Normalize voice-clone reference audio to WAV via ffmpeg

Chatterbox validates the reference clip by file extension and rejects formats like .aac/.opus. Always transcode the reference (upload bytes and library files alike) to mono 24 kHz WAV with ffmpeg before forwarding, so any source format is accepted and the from-library audio/video paths are unified.
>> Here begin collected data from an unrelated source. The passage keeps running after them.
(* Let $\langle \mathsf{E}, \mathsf{po}, \mathsf{mo}\rangle$ be a partial 1-Writer execution graph in which $\mathsf{mo}$ agrees with $\mathsf{po}$, and let $\mathsf{rf}_1,\mathsf{rf}_2$ be two reads-from relations over it. (1) If $\mathsf{rf}_1 \sqsubseteq \mathsf{rf}_2$ and $\mathsf{po}\cup\mathsf{rf}_1$ has a cycle, then $\mathsf{po}\cup\mathsf{rf}_2$ has a cycle. (2) If both $\mathsf{rf}_1$ and $\mathsf{rf}_2$ satisfy relaxed-read-coherence, then $\min(\mathsf{rf}_1,\mathsf{rf}_2)$ also satisfies relaxed-read-coherence.
   Context: Events are reads $\mathtt{r}(x,v)$ or writes $\mathtt{w}(x,v)$ on a variable $x$ with value $v$, each belonging to a thread; $\mathsf{po}$ (program order) is a strict partial order totally ordering the events of each thread and relating no events of different threads. 1-Writer: for every variable $x$ all writes to $x$ lie in a single thread. $\mathsf{mo}=\bigcup_x\mathsf{mo}_x$ with $\mathsf{mo}_x$ a strict total order on writes to $x$; "agrees with $\mathsf{po}$" means $w\,\mathsf{mo}\,w'$ implies $w\,\mathsf{po}\,w'$. A reads-from relation $\mathsf{rf}$ maps every read $r$ to a unique write $\mathsf{rf}^{-1}(r)$ with the same variable and value. $\mathsf{rf}_1\sqsubseteq\mathsf{rf}_2$ iff for every read $r$, $\mathsf{rf}_1^{-1}(r)\,\mathsf{po}^*\,\mathsf{rf}_2^{-1}(r)$. $\min(\mathsf{rf}_1,\mathsf{rf}_2)$ maps every read $r$ to the $\mathsf{po}$-smaller of $\mathsf{rf}_1^{-1}(r),\mathsf{rf}_2^{-1}(r)$. $\mathsf{rf}$ satisfies relaxed-read-coherence if the relation $\mathsf{rf}^{-1};\mathsf{mo}_x;\mathsf{rf}^?;\mathsf{po}$ is irreflexive for every $x$, i.e. there is no read $r$ of $x$ and writes $w,w'$ of $x$ with $w\,\mathsf{rf}\,r$, $w\,\mathsf{mo}_x\,w'$, and either $w'\,\mathsf{po}\,r$ or there is a read $r'$ with $w'\,\mathsf{rf}\,r'$ and $r'\,\mathsf{po}\,r$. *)

theory Defs
  imports Main
begin

datatype ('x,'v) act = Rd 'x 'v | Wr 'x 'v

fun avar :: "('x,'v) act \<Rightarrow> 'x" where
  "avar (Rd x v) = x" | "avar (Wr x v) = x"
fun aval :: "('x,'v) act \<Rightarrow> 'v" where
  "aval (Rd x v) = v" | "aval (Wr x v) = v"
fun is_rd :: "('x,'v) act \<Rightarrow> bool" where
  "is_rd (Rd x v) = True" | "is_rd (Wr x v) = False"
fun is_wr :: "('x,'v) act \<Rightarrow> bool" where
  "is_wr (Rd x v) = False" | "is_wr (Wr x v) = True"

definition reads :: "('e \<Rightarrow> ('x,'v) act) \<Rightarrow> 'e set \<Rightarrow> 'e set" where
  "reads lab E = {e \<in> E. is_rd (lab e)}"
definition writes :: "('e \<Rightarrow> ('x,'v) act) \<Rightarrow> 'e set \<Rightarrow> 'e set" where
  "writes lab E = {e \<in> E. is_wr (lab e)}"

definition program_order :: "('e \<Rightarrow> 't) \<Rightarrow> 'e set \<Rightarrow> ('e \<times> 'e) set \<Rightarrow> bool" where
  "program_order tid E po \<longleftrightarrow>
     po \<subseteq> E \<times> E \<and> irrefl po \<and> trans po \<and>
     (\<forall>e\<in>E. \<forall>e'\<in>E. e \<noteq> e' \<and> tid e = tid e' \<longrightarrow> (e, e') \<in> po \<or> (e', e) \<in> po) \<and>
     (\<forall>(e, e')\<in>po. tid e = tid e')"

definition mo_x :: "('e \<Rightarrow> ('x,'v) act) \<Rightarrow> 'e set \<Rightarrow> ('e \<times> 'e) set \<Rightarrow> 'x \<Rightarrow> ('e \<times> 'e) set" where
  "mo_x lab E mo x = {(w, w'). (w, w') \<in> mo \<and> w \<in> writes lab E \<and> w' \<in> writes lab E
                                \<and> avar (lab w) = x \<and> avar (lab w') = x}"

definition modification_order :: "('e \<Rightarrow> ('x,'v) act) \<Rightarrow> 'e set \<Rightarrow> ('e \<times> 'e) set \<Rightarrow> bool" where
  "modification_order lab E mo \<longleftrightarrow>
     mo = (\<Union>x. mo_x lab E mo x) \<and>
     (\<forall>x. let W = {w \<in> writes lab E. avar (lab w) = x} in
            irrefl (mo_x lab E mo x) \<and> trans (mo_x lab E mo x) \<and>
            (\<forall>w\<in>W. \<forall>w'\<in>W. w \<noteq> w' \<longrightarrow> (w, w') \<in> mo_x lab E mo x \<or> (w', w) \<in> mo_x lab E mo x))"

definition one_writer :: "('e \<Rightarrow> ('x,'v) act) \<Rightarrow> ('e \<Rightarrow> 't) \<Rightarrow> 'e set \<Rightarrow> bool" where
  "one_writer lab tid E \<longleftrightarrow>
     (\<forall>w\<in>writes lab E. \<forall>w'\<in>writes lab E. avar (lab w) = avar (lab w') \<longrightarrow> tid w = tid w')"

definition execution_graph ::
  "('e \<Rightarrow> ('x,'v) act) \<Rightarrow> ('e \<Rightarrow> 't) \<Rightarrow> 'e set \<Rightarrow> ('e \<times> 'e) set \<Rightarrow> ('e \<times> 'e) set \<Rightarrow> bool" where
  "execution_graph lab tid E po mo \<longleftrightarrow> program_order tid E po \<and> modification_order lab E mo"

definition mo_agrees_po :: "('e \<times> 'e) set \<Rightarrow> ('e \<times> 'e) set \<Rightarrow> bool" where
  "mo_agrees_po mo po \<longleftrightarrow> mo \<subseteq> po"

text \<open>A reads-from relation is given by the function rf mapping each read r to its unique
  write rf r (= rf^{-1}(r)); values of rf outside the reads are irrelevant.\<close>
definition reads_from :: "('e \<Rightarrow> ('x,'v) act) \<Rightarrow> 'e set \<Rightarrow> ('e \<Rightarrow> 'e) \<Rightarrow> bool" where
  "reads_from lab E rf \<longleftrightarrow>
     (\<forall>r\<in>reads lab E. rf r \<in> writes lab E \<and> avar (lab (rf r)) = avar (lab r)
                      \<and> aval (lab (rf r)) = aval (lab r))"

definition rf_rel :: "('e \<Rightarrow> ('x,'v) act) \<Rightarrow> 'e set \<Rightarrow> ('e \<Rightarrow> 'e) \<Rightarrow> ('e \<times> 'e) set" where
  "rf_rel lab E rf = {(rf r, r) | r. r \<in> reads lab E}"

definition rf_le :: "('e \<Rightarrow> ('x,'v) act) \<Rightarrow> 'e set \<Rightarrow> ('e \<times> 'e) set \<Rightarrow> ('e \<Rightarrow> 'e) \<Rightarrow> ('e \<Rightarrow> 'e) \<Rightarrow> bool" where
  "rf_le lab E po rf1 rf2 \<longleftrightarrow> (\<forall>r\<in>reads lab E. (rf1 r, rf2 r) \<in> po\<^sup>*)"

definition rf_min :: "('e \<times> 'e) set \<Rightarrow> ('e \<Rightarrow> 'e) \<Rightarrow> ('e \<Rightarrow> 'e) \<Rightarrow> ('e \<Rightarrow> 'e)" where
  "rf_min po rf1 rf2 = (\<lambda>r. if (rf1 r, rf2 r) \<in> po\<^sup>* then rf1 r else rf2 r)"

definition has_cycle :: "('e \<times> 'e) set \<Rightarrow> bool" where
  "has_cycle R \<longleftrightarrow> (\<exists>a. (a, a) \<in> R\<^sup>+)"

text \<open>Irreflexivity of rf^{-1}; mo_x; rf^?; po for every x.\<close>
definition relaxed_read_coherence ::
  "('e \<Rightarrow> ('x,'v) act) \<Rightarrow> 'e set \<Rightarrow> ('e \<times> 'e) set \<Rightarrow> ('e \<times> 'e) set \<Rightarrow> ('e \<Rightarrow> 'e) \<Rightarrow> bool" where
  "relaxed_read_coherence lab E po mo rf \<longleftrightarrow>
     (\<forall>x. \<not> (\<exists>r w w'. r \<in> reads lab E \<and> avar (lab r) = x \<and>
                       (w, r) \<in> rf_rel lab E rf \<and> (w, w') \<in> mo_x lab E mo x \<and>
                       ((w', r) \<in> po \<or> (\<exists>r'. (w', r') \<in> rf_rel lab E rf \<and> (r', r) \<in> po))))"

end

theory Submission
  imports Defs
begin

text \<open>(1) If \<open>rf\<^sub>1 \<sqsubseteq> rf\<^sub>2\<close>, each edge \<open>rf\<^sub>1 r \<rightarrow> r\<close> is simulated by the path
  \<open>rf\<^sub>1 r \<rightarrow>\<^sub>p\<^sub>o\<^sup>* rf\<^sub>2 r \<rightarrow> r\<close>, so a cycle of \<open>po \<union> rf\<^sub>1\<close> becomes one of \<open>po \<union> rf\<^sub>2\<close>.
  (2) By 1-Writer all writes to a variable are \<open>po\<close>-comparable, so \<open>min(rf\<^sub>1, rf\<^sub>2)\<close> picks, for
  every read, the source of one of \<open>rf\<^sub>1, rf\<^sub>2\<close>, and is \<open>po\<^sup>*\<close>-below both. A violation
  \<open>w \<rightarrow>\<^sub>m\<^sub>o w' \<rightarrow>\<^sub>r\<^sub>f r' \<rightarrow>\<^sub>p\<^sub>o r\<close> of the minimum, with \<open>w = rf\<^sub>i r\<close>, then yields the violation
  \<open>w \<rightarrow>\<^sub>m\<^sub>o rf\<^sub>i r' \<rightarrow>\<^sub>r\<^sub>f r' \<rightarrow>\<^sub>p\<^sub>o r\<close> of \<open>rf\<^sub>i\<close>: since \<open>w' \<rightarrow>\<^sub>p\<^sub>o\<^sup>* rf\<^sub>i r'\<close> and \<open>mo\<close> agrees
  with \<open>po\<close>, the totality of \<open>mo\<^sub>x\<close> forces \<open>w \<rightarrow>\<^sub>m\<^sub>o rf\<^sub>i r'\<close>.\<close>

lemma has_cycle_mono_trancl:
  assumes "R \<subseteq> S\<^sup>+" and "has_cycle R"
  shows "has_cycle S"
proof -
  from \<open>has_cycle R\<close> obtain a where "(a, a) \<in> R\<^sup>+"
    unfolding has_cycle_def by blast
  then have "(a, a) \<in> (S\<^sup>+)\<^sup>+"
    using trancl_mono[OF _ assms(1)] by blast
  then show ?thesis
    unfolding has_cycle_def by auto
qed

lemma rf_rel_subset_trancl_if_rf_le:
  assumes "rf_le lab E po rf1 rf2"
  shows "rf_rel lab E rf1 \<subseteq> (po \<union> rf_rel lab E rf2)\<^sup>+"
proof
  fix p assume "p \<in> rf_rel lab E rf1"
  then obtain r where p: "p = (rf1 r, r)" and r: "r \<in> reads lab E"
    unfolding rf_rel_def by blast
  have "(rf1 r, rf2 r) \<in> (po \<union> rf_rel lab E rf2)\<^sup>*"
    using assms r rtrancl_mono[of po "po \<union> rf_rel lab E rf2"]
    unfolding rf_le_def by blast
  moreover have "(rf2 r, r) \<in> po \<union> rf_rel lab E rf2"
    using r unfolding rf_rel_def by blast
  ultimately show "p \<in> (po \<union> rf_rel lab E rf2)\<^sup>+"
    unfolding p by (rule rtrancl_into_trancl1)
qed

lemma has_cycle_po_rf_if_rf_le:
  assumes "rf_le lab E po rf1 rf2" and "has_cycle (po \<union> rf_rel lab E rf1)"
  shows "has_cycle (po \<union> rf_rel lab E rf2)"
proof (rule has_cycle_mono_trancl[OF _ assms(2)])
  show "po \<union> rf_rel lab E rf1 \<subseteq> (po \<union> rf_rel lab E rf2)\<^sup>+"
    using rf_rel_subset_trancl_if_rf_le[OF assms(1)] by auto
qed

lemma relaxed_read_coherence_iff:
  "relaxed_read_coherence lab E po mo rf \<longleftrightarrow>
     (\<forall>r\<in>reads lab E. \<forall>w'. (rf r, w') \<in> mo_x lab E mo (avar (lab r)) \<longrightarrow>
        (w', r) \<notin> po \<and> (\<forall>r'\<in>reads lab E. rf r' = w' \<longrightarrow> (r', r) \<notin> po))"
  unfolding relaxed_read_coherence_def rf_rel_def by blast

lemma relaxed_read_coherenceD:
  assumes "relaxed_read_coherence lab E po mo rf" and "r \<in> reads lab E"
    and "(rf r, w') \<in> mo_x lab E mo (avar (lab r))"
  shows "(w', r) \<notin> po" and "r' \<in> reads lab E \<Longrightarrow> rf r' = w' \<Longrightarrow> (r', r) \<notin> po"
  using assms unfolding relaxed_read_coherence_iff by blast+

lemma reads_from_rf_min:
  assumes "reads_from lab E rf1" and "reads_from lab E rf2"
  shows "reads_from lab E (rf_min po rf1 rf2)"
  using assms unfolding reads_from_def rf_min_def by auto

lemma reads_from_sources_po_comparable:
  assumes "program_order tid E po" and "one_writer lab tid E"
    and "reads_from lab E rf1" and "reads_from lab E rf2" and "r \<in> reads lab E"
  shows "(rf1 r, rf2 r) \<in> po\<^sup>* \<or> (rf2 r, rf1 r) \<in> po"
proof -
  have w: "rf1 r \<in> writes lab E" "rf2 r \<in> writes lab E"
    "avar (lab (rf1 r)) = avar (lab (rf2 r))"
    using assms(3-5) unfolding reads_from_def by auto
  then have "tid (rf1 r) = tid (rf2 r)"
    using assms(2) unfolding one_writer_def by blast
  moreover have "rf1 r \<in> E" "rf2 r \<in> E"
    using w unfolding writes_def by auto
  ultimately consider "rf1 r = rf2 r" | "(rf1 r, rf2 r) \<in> po" | "(rf2 r, rf1 r) \<in> po"
    using assms(1) unfolding program_order_def by blast
  then show ?thesis
    by cases auto
qed

lemma rf_min_rtrancl_po:
  assumes "program_order tid E po" and "one_writer lab tid E"
    and "reads_from lab E rf1" and "reads_from lab E rf2" and "r \<in> reads lab E"
  shows "(rf_min po rf1 rf2 r, rf1 r) \<in> po\<^sup>*" and "(rf_min po rf1 rf2 r, rf2 r) \<in> po\<^sup>*"
  using reads_from_sources_po_comparable[OF assms] unfolding rf_min_def by auto

lemma mo_x_po_rtrancl_trans:
  assumes "modification_order lab E mo" and "mo \<subseteq> po" and "irrefl po" and "trans po"
    and "(w, w') \<in> mo_x lab E mo x" and "(w', w'') \<in> po\<^sup>*"
    and "w'' \<in> writes lab E" and "avar (lab w'') = x"
  shows "(w, w'') \<in> mo_x lab E mo x"
proof -
  have w: "w \<in> writes lab E" "avar (lab w) = x" and "(w, w') \<in> po"
    using assms(2,5) unfolding mo_x_def by auto
  then have "(w, w'') \<in> po"
    using assms(4,6) by (metis rtrancl_eq_or_trancl trancl_id transD)
  then have "w \<noteq> w''" and "(w'', w) \<notin> po"
    using assms(3,4) unfolding irrefl_def trans_def by blast+
  moreover have "(w, w'') \<in> mo_x lab E mo x \<or> (w'', w) \<in> mo_x lab E mo x"
    using assms(1,7,8) w \<open>w \<noteq> w''\<close> unfolding modification_order_def Let_def by blast
  ultimately show ?thesis
    using assms(2) unfolding mo_x_def by blast
qed

lemma relaxed_read_coherence_rf_min:
  assumes po: "program_order tid E po" and mo: "modification_order lab E mo"
    and one_writer: "one_writer lab tid E" and mo_po: "mo \<subseteq> po"
    and rf: "reads_from lab E rf1" "reads_from lab E rf2"
    and coh: "relaxed_read_coherence lab E po mo rf1" "relaxed_read_coherence lab E po mo rf2"
  shows "relaxed_read_coherence lab E po mo (rf_min po rf1 rf2)"
  unfolding relaxed_read_coherence_iff
proof (intro ballI allI impI conjI)
  let ?m = "rf_min po rf1 rf2"
  fix r w' assume r: "r \<in> reads lab E" and m_w': "(?m r, w') \<in> mo_x lab E mo (avar (lab r))"
  define i where "i = (if (rf1 r, rf2 r) \<in> po\<^sup>* then rf1 else rf2)"
  have i: "i = rf1 \<or> i = rf2"
    unfolding i_def by simp
  have w_w': "(i r, w') \<in> mo_x lab E mo (avar (lab r))"
    using m_w' unfolding i_def rf_min_def by (simp split: if_splits)
  have coh_i: "relaxed_read_coherence lab E po mo i" and rf_i: "reads_from lab E i"
    using coh rf i by auto
  show "(w', r) \<notin> po"
    using relaxed_read_coherenceD(1)[OF coh_i r w_w'] .
  fix r' assume r': "r' \<in> reads lab E" "?m r' = w'"
  have "avar (lab r') = avar (lab r)"
    using reads_from_rf_min[OF rf, of po] r' w_w' unfolding reads_from_def mo_x_def by auto
  then have "i r' \<in> writes lab E" "avar (lab (i r')) = avar (lab r)"
    using rf_i r'(1) unfolding reads_from_def by auto
  moreover have "(w', i r') \<in> po\<^sup>*"
    using rf_min_rtrancl_po[OF po one_writer rf r'(1)] i r'(2) by auto
  moreover have "irrefl po" "trans po"
    using po unfolding program_order_def by auto
  ultimately have "(i r, i r') \<in> mo_x lab E mo (avar (lab r))"
    using mo_x_po_rtrancl_trans[OF mo mo_po _ _ w_w'] by blast
  then show "(r', r) \<notin> po"
    using relaxed_read_coherenceD(2)[OF coh_i r _ r'(1)] by blast
qed

theorem mainTheorem8:
  fixes lab :: "'e \<Rightarrow> ('x,'v) act" and tid :: "'e \<Rightarrow> 't"
    and E :: "'e set" and po mo :: "('e \<times> 'e) set" and rf1 rf2 :: "'e \<Rightarrow> 'e"
  assumes "execution_graph lab tid E po mo"
    and "one_writer lab tid E"
    and "mo_agrees_po mo po"
    and "reads_from lab E rf1" and "reads_from lab E rf2"
  shows "(rf_le lab E po rf1 rf2 \<and> has_cycle (po \<union> rf_rel lab E rf1)
            \<longrightarrow> has_cycle (po \<union> rf_rel lab E rf2))
       \<and> (relaxed_read_coherence lab E po mo rf1 \<and> relaxed_read_coherence lab E po mo rf2
            \<longrightarrow> relaxed_read_coherence lab E po mo (rf_min po rf1 rf2))"
proof -
  have po: "program_order tid E po" and mo: "modification_order lab E mo"
    using assms(1) unfolding execution_graph_def by auto
  have "mo \<subseteq> po"
    using assms(3) unfolding mo_agrees_po_def .
  then show ?thesis
    using has_cycle_po_rf_if_rf_le relaxed_read_coherence_rf_min[OF po mo assms(2) _ assms(4,5)]
    by blast
qed

end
The reference length cap is now configurable via LLAMA_SWAP_TTS_REF_SECONDS (default 30) — Chatterbox is zero-shot, so a clean ~10-20s clip is the sweet spot. Drops the now-unused mime guesser. Co-Authored-By: Claude Opus 4.8 (1M context) <noreply@anthropic.com>
2026-06-02 22:50:08 -04:00
parent 35c5ecb427
commit 62d517dcda
3 changed files with 79 additions and 78 deletions
@@ -87,6 +87,7 @@ AGENTIC_CHAT_MAX_ITERATIONS=6
 # + voice cloning in the mobile app).
 # LLAMA_SWAP_TTS_MODEL=chatterbox        # TTS model id in config.yaml
 # LLAMA_SWAP_TTS_VOICE=m                 # default voice when a request omits one
+# LLAMA_SWAP_TTS_REF_SECONDS=30          # max voice-clone reference clip length (s)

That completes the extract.